These bills also included a measure to end the duplicative payment of worker's compensation benefits to employees who receive other forms of wage-loss benefits, M.C.L. § 418.354; MSA 17.237(354). This reform, described as "coordination," meant that the injured party's worker's compensation was to be reduced by the amount of the other wage-loss benefits received, such as payments from a disability pension. This approach, which served to reduce disincentives to return to work, was in harmony with the traditional goal of Michigan's worker's compensation, which has always been to rehabilitate workers so as to facilitate their return to work. Bower v. Whitehall Leather Co., 412 Mich. 172, 191, 312 N.W.2d 640 (1981).

To implement coordination, § 354(1) sweeps broadly. It states in pertinent part that worker's compensation benefits "shall be reduced by ... [t]he after-tax amount of the pension ... payments received or being received pursuant to a plan or program established or maintained by the same employer from whom [worker's compensation] benefits ... are received...." (Emphasis added.)

With this section having established across the board coordination, the Legislature then carved out, in § 354(14), some narrow exceptions to universal coordination. The scope of these exceptions is at issue here.

The initial sentence of § 354(14) states that coordination "does not apply to any payments received or to be received under a disability pension plan provided by the same employer which plan is in existence on March 31, 1982." The second sentence of § 354(14) states: "Any disability pension plan entered into or renewed after March 31, 1982 may provide that the payments under that disability pension plan provided by the employer shall not be coordinated pursuant to this section." These are essentially "opt out" clauses. By their terms, they apply only to disability pension plans that are entered into or renewed after March 31, 1982. These provisions permit plans that are entered into or renewed after March 31, 1982, to be exempted from the general coordination requirement. Said another way, these clauses, if utilized, allow parties to a disability pension plan entered into or renewed after March 31, 1982, to except such plan from the general regime of coordination by specifically so providing in the plan.

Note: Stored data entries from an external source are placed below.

lemma qnum_add_qnum_diff:
  assumes "q \<noteq> 0"
  shows "qnum q (a + b) + qnum q (a - b) = qnum q a * (q powi b + q powi (- b))"
proof (cases "q - inverse q = 0")
  case False
  define d where "d = q - inverse q"
  have eq: "qnum q n = (q powi n - q powi (- n)) / d" for n
    by (simp add: qnum_def d_def)
  show ?thesis using assms False unfolding eq d_def[symmetric]
    by (simp add: power_int_diff power_int_add power_int_minus field_simps)
qed (simp add: qnum_def)

lemma qnum_double:
  assumes "q \<noteq> 0"
  shows "qnum q (2 * a) = qnum q a * (q powi a + q powi (- a))"
  using qnum_add_qnum_diff[OF assms, of a a] by (simp add: qnum_def flip: mult_2)

lemma qint_diff_squares: "qint a ^ 2 - qint b ^ 2 = qint (a - b) * qint (a + b)"
  unfolding qint_eq_qnum by (rule qnum_diff_squares) simp

lemma qint_split: "qint n = fls_X_intpow (- k) * qint (n - k) + fls_X_intpow (n - k) * qint k"
  unfolding qint_eq_qnum fls_X_power_int[symmetric] by (rule qnum_split) simp

lemma qint_add_qint_diff:
  "qint (a + b) + qint (a - b) = qint a * (fls_X_intpow b + fls_X_intpow (- b))"
  unfolding qint_eq_qnum fls_X_power_int[symmetric] by (rule qnum_add_qnum_diff) simp

lemma qint_double: "qint (2 * a) = qint a * (fls_X_intpow a + fls_X_intpow (- a))"
  unfolding qint_eq_qnum fls_X_power_int[symmetric] by (rule qnum_double) simp

lemma fls_X_intpow_inj:
  "fls_X_intpow a = (fls_X_intpow b :: 'a::zero_neq_one fls) \<longleftrightarrow> a = b"
  by (metis fls_subdegree_fls_X_intpow)

lemma qint_nonzero: "a \<noteq> 0 \<Longrightarrow> qint a \<noteq> 0"
  by (simp only: qint_def divide_eq_0_iff right_minus_eq fls_X_intpow_inj) simp

lemma qint_0 [simp]: "qint 0 = 0"
  by (simp add: qint_def)

inductive_set int_laurent_polys :: "rat fls set" where
  int_laurent_polys_zero: "0 \<in> int_laurent_polys"
| int_laurent_polys_X_intpow: "fls_X_intpow i \<in> int_laurent_polys"
| int_laurent_polys_add:
    "a \<in> int_laurent_polys \<Longrightarrow> b \<in> int_laurent_polys \<Longrightarrow> a + b \<in> int_laurent_polys"
| int_laurent_polys_uminus: "a \<in> int_laurent_polys \<Longrightarrow> - a \<in> int_laurent_polys"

The scope of this "opt out" language is central to the resolution of this dispute. In particular, is the language of § 354(14) to be read to apply to statutory pensions as well as privately negotiated pensions, or only to the latter? We conclude it applies only to privately negotiated pensions.

This section of the statute when read in context clearly applies only to private pension plans because of the words used and their meaning in the law. Contextual understanding of statutes is generally grounded in the doctrine of noscitur a sociis: "[i]t is known from its associates," see Black's Law Dictionary (6th ed), p. 1060. This doctrine stands for the principle that a word or phrase is given meaning by its context or setting. State ex el. Wayne Co. Prosecutor v. Diversified Theatrical Corp., 396 Mich. 244, 249, 240 N.W.2d 460 (1976), quoting People v. Goldman, 7 Ill.App.3d 253, 255, 287 N.E.2d 177 (1972). 9 As the second sentence of § 354(14) enables employers and employees who "enter[ ] into" or "re...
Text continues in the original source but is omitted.